● EXERCISE: Among the lines below, copy exactly those from the one with "using q f_tail_le geometric_sums[of q]" through the one with "section \<open>Random sign matrices\<close>", counting both ends.

● THE DATA:
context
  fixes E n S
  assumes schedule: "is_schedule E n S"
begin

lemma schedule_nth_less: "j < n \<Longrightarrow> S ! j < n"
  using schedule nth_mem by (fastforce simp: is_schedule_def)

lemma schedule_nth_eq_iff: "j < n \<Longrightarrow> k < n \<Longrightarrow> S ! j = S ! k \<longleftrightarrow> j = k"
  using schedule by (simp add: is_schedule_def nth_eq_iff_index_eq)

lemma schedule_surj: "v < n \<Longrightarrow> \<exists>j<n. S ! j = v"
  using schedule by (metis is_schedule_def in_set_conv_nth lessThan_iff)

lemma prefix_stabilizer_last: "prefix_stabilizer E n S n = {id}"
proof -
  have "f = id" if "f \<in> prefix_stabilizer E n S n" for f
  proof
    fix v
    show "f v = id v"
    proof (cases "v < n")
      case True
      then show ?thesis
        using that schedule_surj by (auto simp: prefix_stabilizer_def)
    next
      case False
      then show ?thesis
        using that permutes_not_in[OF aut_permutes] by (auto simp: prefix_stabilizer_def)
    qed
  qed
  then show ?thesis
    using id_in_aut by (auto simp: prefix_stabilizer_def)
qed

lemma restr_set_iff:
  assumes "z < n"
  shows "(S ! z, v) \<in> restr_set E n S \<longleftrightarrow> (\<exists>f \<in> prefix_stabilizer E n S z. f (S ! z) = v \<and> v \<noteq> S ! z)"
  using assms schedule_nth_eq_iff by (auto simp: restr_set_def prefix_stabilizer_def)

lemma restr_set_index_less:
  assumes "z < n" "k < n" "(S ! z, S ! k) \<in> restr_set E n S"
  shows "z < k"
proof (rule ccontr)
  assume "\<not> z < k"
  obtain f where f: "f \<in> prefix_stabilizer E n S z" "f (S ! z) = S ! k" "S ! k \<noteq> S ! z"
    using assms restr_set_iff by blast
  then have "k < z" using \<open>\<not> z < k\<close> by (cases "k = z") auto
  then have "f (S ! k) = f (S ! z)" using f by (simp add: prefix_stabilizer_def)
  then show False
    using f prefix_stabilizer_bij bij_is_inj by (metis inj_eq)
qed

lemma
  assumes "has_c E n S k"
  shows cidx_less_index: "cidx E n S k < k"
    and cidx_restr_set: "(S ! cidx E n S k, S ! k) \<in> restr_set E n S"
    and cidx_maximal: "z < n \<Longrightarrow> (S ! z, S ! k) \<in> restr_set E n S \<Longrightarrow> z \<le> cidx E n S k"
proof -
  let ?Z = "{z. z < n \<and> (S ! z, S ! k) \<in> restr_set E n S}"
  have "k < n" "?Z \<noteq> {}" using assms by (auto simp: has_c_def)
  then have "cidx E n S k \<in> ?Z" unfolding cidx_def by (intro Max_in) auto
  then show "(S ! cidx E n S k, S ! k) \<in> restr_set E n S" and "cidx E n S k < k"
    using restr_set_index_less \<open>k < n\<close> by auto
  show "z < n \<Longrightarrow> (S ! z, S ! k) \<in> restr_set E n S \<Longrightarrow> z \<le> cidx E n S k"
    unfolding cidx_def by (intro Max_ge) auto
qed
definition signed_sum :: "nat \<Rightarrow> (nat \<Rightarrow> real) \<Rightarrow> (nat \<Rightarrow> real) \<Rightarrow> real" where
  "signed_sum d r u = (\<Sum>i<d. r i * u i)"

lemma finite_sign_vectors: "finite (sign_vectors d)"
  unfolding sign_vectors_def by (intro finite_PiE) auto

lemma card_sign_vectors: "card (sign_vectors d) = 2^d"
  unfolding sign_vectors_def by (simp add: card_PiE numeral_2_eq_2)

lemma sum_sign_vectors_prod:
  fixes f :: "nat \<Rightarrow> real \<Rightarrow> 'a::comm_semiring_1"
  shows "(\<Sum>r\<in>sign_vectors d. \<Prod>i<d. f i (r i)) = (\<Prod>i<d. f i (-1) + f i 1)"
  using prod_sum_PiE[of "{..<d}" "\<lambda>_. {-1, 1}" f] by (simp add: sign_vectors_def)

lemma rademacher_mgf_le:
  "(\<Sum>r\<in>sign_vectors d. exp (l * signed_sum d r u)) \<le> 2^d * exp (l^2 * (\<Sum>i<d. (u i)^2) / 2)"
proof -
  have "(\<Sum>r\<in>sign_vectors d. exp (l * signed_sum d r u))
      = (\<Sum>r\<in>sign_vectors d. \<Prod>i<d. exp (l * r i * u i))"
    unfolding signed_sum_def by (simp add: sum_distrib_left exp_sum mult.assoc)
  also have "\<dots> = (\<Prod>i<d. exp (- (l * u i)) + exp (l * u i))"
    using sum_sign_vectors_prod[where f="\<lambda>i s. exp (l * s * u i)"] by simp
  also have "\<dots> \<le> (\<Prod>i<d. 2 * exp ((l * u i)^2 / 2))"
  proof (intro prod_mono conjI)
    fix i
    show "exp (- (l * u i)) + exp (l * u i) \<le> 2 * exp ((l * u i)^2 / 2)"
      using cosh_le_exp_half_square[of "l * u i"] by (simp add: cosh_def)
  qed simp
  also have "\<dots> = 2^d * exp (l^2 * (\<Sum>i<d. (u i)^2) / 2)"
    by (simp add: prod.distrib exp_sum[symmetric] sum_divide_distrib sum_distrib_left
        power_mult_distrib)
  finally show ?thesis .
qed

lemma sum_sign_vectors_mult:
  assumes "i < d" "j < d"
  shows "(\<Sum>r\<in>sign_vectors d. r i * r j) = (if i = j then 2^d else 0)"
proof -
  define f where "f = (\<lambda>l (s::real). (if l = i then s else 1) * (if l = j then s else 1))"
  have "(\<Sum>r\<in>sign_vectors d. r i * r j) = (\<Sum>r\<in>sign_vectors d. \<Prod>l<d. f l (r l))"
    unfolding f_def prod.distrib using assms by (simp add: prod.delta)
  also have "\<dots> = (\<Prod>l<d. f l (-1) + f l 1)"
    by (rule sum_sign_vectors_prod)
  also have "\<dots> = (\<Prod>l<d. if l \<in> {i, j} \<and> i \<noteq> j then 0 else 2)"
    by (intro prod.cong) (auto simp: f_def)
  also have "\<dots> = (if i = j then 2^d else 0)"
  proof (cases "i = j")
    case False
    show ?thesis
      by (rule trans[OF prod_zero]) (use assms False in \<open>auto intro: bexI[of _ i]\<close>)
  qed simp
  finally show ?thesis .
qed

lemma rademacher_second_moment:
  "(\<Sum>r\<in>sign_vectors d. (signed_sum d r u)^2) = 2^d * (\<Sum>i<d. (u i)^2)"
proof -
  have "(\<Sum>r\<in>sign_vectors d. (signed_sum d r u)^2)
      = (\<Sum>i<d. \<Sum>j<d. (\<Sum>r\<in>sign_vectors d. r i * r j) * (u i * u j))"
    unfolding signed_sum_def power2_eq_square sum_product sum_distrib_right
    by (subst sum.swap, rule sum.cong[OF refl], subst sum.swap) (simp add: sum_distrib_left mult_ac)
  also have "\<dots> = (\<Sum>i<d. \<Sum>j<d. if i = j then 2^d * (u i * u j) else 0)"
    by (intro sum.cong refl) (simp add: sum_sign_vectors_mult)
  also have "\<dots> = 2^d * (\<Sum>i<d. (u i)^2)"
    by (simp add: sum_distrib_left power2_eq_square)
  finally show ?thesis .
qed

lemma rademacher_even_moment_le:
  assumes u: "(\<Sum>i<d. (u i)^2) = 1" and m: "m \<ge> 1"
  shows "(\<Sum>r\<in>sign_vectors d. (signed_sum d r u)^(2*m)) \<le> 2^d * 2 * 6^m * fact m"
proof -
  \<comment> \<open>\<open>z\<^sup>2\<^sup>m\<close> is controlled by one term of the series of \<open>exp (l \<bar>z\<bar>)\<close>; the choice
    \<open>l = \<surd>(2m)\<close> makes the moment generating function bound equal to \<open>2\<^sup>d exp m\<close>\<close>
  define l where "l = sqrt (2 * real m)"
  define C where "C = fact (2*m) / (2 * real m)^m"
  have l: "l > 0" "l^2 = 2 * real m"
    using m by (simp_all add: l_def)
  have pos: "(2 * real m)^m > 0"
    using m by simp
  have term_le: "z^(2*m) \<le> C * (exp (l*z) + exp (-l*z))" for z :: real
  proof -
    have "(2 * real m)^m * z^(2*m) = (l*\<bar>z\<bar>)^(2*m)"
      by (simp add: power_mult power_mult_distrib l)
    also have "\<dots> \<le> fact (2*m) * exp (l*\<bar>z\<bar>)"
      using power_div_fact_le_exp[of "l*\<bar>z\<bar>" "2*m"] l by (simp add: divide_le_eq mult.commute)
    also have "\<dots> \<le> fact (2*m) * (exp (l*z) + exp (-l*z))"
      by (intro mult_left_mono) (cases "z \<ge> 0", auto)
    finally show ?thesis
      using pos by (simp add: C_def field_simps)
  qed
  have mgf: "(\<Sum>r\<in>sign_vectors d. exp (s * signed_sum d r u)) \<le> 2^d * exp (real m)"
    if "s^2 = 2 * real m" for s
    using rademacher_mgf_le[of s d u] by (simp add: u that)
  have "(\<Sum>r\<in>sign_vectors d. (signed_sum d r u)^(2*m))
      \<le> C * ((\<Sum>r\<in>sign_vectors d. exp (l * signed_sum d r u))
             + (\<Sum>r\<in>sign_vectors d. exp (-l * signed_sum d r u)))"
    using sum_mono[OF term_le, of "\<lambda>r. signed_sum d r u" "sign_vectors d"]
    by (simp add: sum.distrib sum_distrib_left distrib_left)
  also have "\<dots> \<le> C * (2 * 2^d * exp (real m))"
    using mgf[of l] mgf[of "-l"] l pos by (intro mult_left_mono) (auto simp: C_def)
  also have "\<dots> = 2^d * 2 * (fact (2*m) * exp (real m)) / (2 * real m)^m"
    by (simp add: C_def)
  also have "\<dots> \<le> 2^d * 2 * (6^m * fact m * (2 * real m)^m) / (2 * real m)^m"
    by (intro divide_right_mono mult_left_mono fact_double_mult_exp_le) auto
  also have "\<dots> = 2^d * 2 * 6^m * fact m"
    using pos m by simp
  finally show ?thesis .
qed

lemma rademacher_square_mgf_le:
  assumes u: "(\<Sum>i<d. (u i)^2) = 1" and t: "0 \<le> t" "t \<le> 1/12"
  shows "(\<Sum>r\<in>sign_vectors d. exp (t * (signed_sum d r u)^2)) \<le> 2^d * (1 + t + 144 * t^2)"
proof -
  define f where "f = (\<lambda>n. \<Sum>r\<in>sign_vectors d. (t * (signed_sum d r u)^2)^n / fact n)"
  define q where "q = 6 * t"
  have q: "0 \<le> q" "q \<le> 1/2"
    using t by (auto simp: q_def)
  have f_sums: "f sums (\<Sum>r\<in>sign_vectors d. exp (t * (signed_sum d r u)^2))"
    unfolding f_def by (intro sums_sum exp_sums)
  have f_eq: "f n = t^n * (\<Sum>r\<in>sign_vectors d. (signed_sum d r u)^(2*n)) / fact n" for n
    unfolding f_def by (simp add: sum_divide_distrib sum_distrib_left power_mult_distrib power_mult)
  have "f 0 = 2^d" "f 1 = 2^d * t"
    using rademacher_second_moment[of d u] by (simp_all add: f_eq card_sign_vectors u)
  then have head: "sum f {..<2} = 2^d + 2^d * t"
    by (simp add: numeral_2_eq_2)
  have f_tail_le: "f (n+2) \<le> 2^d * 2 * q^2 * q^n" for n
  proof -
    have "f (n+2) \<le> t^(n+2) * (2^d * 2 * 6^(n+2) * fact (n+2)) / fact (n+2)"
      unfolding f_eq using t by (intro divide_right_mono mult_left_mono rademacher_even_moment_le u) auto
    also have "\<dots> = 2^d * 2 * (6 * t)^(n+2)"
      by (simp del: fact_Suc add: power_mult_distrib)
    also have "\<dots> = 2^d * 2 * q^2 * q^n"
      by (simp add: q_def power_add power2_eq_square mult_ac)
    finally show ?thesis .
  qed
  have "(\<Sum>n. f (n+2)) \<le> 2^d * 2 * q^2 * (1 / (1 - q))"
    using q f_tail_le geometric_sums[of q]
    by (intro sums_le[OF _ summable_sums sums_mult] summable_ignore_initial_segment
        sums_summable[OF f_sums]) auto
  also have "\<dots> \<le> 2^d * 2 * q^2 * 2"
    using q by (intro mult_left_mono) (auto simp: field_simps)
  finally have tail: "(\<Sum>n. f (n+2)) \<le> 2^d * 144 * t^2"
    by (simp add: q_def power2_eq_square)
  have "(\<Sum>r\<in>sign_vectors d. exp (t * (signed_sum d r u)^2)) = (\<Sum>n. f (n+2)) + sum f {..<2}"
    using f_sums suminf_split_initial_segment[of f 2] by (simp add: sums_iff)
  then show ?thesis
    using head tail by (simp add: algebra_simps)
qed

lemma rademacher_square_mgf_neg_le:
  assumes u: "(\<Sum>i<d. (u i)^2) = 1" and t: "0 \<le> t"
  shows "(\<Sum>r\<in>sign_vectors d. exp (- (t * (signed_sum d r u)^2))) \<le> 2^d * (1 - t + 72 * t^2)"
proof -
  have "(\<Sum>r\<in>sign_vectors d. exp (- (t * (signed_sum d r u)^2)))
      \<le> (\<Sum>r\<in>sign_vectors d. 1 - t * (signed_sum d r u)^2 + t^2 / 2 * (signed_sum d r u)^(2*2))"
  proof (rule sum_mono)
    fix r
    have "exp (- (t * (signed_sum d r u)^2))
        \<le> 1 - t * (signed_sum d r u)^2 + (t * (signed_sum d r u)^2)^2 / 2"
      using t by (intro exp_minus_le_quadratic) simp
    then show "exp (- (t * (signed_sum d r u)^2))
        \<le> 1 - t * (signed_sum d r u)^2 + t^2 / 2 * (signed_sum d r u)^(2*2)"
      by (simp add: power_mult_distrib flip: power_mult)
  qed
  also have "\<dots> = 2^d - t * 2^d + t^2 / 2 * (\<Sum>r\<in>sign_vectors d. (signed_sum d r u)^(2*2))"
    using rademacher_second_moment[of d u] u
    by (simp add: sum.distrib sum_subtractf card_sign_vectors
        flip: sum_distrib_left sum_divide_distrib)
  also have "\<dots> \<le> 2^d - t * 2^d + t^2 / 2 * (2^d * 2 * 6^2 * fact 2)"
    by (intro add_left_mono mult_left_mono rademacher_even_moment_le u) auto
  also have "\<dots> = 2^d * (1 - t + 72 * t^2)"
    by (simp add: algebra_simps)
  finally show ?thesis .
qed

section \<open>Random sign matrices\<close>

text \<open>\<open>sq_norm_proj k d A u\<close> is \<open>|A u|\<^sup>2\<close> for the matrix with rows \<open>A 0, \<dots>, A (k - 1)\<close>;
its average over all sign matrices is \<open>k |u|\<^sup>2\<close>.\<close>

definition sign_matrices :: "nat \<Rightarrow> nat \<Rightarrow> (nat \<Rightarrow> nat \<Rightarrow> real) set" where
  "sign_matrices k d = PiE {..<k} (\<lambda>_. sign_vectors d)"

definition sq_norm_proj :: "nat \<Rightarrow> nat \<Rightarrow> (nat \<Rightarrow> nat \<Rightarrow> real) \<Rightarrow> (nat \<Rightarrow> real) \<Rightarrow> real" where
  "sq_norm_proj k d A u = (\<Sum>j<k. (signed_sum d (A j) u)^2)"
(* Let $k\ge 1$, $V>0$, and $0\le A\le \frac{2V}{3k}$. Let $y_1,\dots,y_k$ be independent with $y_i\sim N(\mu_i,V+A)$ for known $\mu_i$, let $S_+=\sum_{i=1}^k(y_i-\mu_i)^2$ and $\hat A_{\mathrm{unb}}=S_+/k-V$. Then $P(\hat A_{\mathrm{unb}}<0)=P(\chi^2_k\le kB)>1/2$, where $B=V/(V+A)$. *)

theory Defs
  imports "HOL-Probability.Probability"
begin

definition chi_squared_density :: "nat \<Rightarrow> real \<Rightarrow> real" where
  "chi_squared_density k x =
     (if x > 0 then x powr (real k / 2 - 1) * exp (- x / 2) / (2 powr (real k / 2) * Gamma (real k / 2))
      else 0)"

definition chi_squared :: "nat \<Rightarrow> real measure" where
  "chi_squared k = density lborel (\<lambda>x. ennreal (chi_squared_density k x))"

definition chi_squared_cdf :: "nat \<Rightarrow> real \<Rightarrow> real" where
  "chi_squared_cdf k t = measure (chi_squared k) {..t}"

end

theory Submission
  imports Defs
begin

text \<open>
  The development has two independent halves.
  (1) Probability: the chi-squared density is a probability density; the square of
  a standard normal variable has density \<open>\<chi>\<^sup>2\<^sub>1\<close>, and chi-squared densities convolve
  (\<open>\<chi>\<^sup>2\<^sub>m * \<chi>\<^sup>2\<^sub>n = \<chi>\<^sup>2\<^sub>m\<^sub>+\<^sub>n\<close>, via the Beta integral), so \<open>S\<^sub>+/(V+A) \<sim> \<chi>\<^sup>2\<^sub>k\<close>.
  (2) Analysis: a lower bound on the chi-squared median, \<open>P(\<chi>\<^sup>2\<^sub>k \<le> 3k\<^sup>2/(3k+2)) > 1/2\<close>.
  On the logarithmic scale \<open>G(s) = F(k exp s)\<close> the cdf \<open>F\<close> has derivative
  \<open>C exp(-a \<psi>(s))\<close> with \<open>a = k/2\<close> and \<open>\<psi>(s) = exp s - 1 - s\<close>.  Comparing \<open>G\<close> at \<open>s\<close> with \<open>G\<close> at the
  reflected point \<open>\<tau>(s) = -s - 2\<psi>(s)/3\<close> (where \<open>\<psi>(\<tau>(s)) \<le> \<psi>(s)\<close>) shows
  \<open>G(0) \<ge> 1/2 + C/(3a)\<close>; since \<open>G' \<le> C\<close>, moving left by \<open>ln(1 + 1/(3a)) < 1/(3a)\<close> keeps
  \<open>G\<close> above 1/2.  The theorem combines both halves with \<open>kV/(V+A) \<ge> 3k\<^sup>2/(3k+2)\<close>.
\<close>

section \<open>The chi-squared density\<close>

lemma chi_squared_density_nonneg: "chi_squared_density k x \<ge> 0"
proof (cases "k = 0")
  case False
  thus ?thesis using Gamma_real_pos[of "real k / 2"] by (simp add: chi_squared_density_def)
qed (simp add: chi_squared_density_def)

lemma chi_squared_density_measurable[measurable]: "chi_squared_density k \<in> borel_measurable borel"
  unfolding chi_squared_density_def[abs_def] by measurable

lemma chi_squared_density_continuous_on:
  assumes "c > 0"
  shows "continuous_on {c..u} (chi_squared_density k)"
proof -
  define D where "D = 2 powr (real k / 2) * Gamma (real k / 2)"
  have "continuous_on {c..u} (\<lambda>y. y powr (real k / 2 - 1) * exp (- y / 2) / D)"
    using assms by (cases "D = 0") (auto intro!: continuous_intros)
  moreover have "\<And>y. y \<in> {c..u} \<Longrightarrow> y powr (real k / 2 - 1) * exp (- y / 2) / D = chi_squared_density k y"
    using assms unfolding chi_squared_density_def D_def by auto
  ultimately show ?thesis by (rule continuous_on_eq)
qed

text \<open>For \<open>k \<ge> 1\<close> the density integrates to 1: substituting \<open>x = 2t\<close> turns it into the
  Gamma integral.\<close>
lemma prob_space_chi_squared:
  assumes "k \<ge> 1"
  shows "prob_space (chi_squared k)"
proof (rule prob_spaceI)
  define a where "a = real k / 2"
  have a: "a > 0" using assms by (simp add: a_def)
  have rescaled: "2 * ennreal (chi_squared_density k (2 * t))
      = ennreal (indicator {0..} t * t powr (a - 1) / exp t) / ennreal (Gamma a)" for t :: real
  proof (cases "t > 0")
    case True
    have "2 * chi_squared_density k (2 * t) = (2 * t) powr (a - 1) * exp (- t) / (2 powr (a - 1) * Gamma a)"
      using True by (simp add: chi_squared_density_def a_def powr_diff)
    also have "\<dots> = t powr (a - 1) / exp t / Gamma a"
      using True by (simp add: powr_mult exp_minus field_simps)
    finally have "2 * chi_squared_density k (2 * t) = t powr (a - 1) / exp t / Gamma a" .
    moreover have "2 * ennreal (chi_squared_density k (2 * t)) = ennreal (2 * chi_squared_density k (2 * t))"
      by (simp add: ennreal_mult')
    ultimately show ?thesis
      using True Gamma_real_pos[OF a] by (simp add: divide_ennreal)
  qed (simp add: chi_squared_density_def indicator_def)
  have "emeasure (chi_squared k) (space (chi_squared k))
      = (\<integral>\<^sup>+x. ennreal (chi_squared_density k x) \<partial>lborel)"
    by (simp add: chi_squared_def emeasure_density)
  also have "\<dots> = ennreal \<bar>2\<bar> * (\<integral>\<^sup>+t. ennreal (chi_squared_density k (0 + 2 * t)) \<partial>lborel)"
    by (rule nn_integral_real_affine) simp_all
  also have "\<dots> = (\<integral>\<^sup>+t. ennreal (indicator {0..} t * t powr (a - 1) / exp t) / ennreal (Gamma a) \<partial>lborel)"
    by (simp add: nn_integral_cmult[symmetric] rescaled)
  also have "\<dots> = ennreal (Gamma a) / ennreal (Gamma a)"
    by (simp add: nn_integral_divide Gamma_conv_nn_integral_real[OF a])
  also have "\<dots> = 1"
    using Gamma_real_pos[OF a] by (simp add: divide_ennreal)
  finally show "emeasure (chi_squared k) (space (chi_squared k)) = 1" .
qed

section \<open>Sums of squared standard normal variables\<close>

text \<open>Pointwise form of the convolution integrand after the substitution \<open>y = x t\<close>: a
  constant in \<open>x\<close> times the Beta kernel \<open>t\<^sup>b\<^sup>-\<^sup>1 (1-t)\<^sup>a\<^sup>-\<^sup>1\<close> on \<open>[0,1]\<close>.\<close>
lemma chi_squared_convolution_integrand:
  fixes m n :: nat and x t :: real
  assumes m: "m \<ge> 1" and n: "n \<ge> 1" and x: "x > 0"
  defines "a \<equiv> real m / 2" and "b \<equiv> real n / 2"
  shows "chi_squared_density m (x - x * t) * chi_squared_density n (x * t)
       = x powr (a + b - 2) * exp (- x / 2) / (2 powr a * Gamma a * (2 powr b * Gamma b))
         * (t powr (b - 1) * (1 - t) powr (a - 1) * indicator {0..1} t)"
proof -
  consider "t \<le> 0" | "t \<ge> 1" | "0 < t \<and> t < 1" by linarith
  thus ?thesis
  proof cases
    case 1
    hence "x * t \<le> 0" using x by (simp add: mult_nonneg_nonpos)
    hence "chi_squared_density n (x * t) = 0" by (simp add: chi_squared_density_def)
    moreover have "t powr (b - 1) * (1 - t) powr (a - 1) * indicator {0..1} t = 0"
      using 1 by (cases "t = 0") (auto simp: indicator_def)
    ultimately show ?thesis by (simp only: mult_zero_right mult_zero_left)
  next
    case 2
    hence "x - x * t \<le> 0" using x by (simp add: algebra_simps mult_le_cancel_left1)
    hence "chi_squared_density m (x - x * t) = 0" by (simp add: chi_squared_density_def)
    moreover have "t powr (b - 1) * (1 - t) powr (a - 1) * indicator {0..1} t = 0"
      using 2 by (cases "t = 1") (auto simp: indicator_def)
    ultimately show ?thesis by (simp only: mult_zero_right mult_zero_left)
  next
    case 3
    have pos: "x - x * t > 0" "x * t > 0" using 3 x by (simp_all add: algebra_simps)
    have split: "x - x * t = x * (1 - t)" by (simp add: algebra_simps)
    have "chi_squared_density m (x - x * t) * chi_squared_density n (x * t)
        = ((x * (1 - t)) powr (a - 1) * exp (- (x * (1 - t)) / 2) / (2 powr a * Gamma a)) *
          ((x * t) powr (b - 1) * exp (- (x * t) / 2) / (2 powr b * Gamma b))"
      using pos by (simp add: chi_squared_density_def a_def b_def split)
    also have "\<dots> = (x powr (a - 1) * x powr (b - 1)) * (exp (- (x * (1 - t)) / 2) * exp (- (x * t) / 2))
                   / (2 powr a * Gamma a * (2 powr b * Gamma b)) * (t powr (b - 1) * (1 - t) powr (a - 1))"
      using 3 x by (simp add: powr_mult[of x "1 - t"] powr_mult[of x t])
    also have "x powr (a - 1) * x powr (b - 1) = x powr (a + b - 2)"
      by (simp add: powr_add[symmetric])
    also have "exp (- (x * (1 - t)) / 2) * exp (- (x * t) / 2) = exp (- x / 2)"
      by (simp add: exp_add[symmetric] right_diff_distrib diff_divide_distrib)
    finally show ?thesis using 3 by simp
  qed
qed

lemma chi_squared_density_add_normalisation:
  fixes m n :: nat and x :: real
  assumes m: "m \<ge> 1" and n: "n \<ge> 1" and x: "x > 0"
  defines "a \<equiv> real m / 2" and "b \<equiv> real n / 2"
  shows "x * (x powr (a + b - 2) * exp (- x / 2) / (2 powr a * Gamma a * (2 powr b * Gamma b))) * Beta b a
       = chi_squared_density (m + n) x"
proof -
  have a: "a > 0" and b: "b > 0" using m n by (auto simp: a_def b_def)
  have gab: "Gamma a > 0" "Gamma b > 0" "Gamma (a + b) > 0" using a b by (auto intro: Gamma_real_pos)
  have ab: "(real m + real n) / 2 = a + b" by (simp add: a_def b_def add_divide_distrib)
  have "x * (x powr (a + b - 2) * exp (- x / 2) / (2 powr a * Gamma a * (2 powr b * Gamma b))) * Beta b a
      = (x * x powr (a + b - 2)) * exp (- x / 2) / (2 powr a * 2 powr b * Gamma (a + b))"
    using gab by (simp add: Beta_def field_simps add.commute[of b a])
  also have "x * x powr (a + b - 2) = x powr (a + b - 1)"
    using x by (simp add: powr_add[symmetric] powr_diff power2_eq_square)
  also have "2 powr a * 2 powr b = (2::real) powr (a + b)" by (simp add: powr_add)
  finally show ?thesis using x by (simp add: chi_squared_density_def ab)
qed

● TASK RESULT:
    using q f_tail_le geometric_sums[of q]
    by (intro sums_le[OF _ summable_sums sums_mult] summable_ignore_initial_segment
        sums_summable[OF f_sums]) auto
  also have "\<dots> \<le> 2^d * 2 * q^2 * 2"
    using q by (intro mult_left_mono) (auto simp: field_simps)
  finally have tail: "(\<Sum>n. f (n+2)) \<le> 2^d * 144 * t^2"
    by (simp add: q_def power2_eq_square)
  have "(\<Sum>r\<in>sign_vectors d. exp (t * (signed_sum d r u)^2)) = (\<Sum>n. f (n+2)) + sum f {..<2}"
    using f_sums suminf_split_initial_segment[of f 2] by (simp add: sums_iff)
  then show ?thesis
    using head tail by (simp add: algebra_simps)
qed

lemma rademacher_square_mgf_neg_le:
  assumes u: "(\<Sum>i<d. (u i)^2) = 1" and t: "0 \<le> t"
  shows "(\<Sum>r\<in>sign_vectors d. exp (- (t * (signed_sum d r u)^2))) \<le> 2^d * (1 - t + 72 * t^2)"
proof -
  have "(\<Sum>r\<in>sign_vectors d. exp (- (t * (signed_sum d r u)^2)))
      \<le> (\<Sum>r\<in>sign_vectors d. 1 - t * (signed_sum d r u)^2 + t^2 / 2 * (signed_sum d r u)^(2*2))"
  proof (rule sum_mono)
    fix r
    have "exp (- (t * (signed_sum d r u)^2))
        \<le> 1 - t * (signed_sum d r u)^2 + (t * (signed_sum d r u)^2)^2 / 2"
      using t by (intro exp_minus_le_quadratic) simp
    then show "exp (- (t * (signed_sum d r u)^2))
        \<le> 1 - t * (signed_sum d r u)^2 + t^2 / 2 * (signed_sum d r u)^(2*2)"
      by (simp add: power_mult_distrib flip: power_mult)
  qed
  also have "\<dots> = 2^d - t * 2^d + t^2 / 2 * (\<Sum>r\<in>sign_vectors d. (signed_sum d r u)^(2*2))"
    using rademacher_second_moment[of d u] u
    by (simp add: sum.distrib sum_subtractf card_sign_vectors
        flip: sum_distrib_left sum_divide_distrib)
  also have "\<dots> \<le> 2^d - t * 2^d + t^2 / 2 * (2^d * 2 * 6^2 * fact 2)"
    by (intro add_left_mono mult_left_mono rademacher_even_moment_le u) auto
  also have "\<dots> = 2^d * (1 - t + 72 * t^2)"
    by (simp add: algebra_simps)
  finally show ?thesis .
qed

section \<open>Random sign matrices\<close>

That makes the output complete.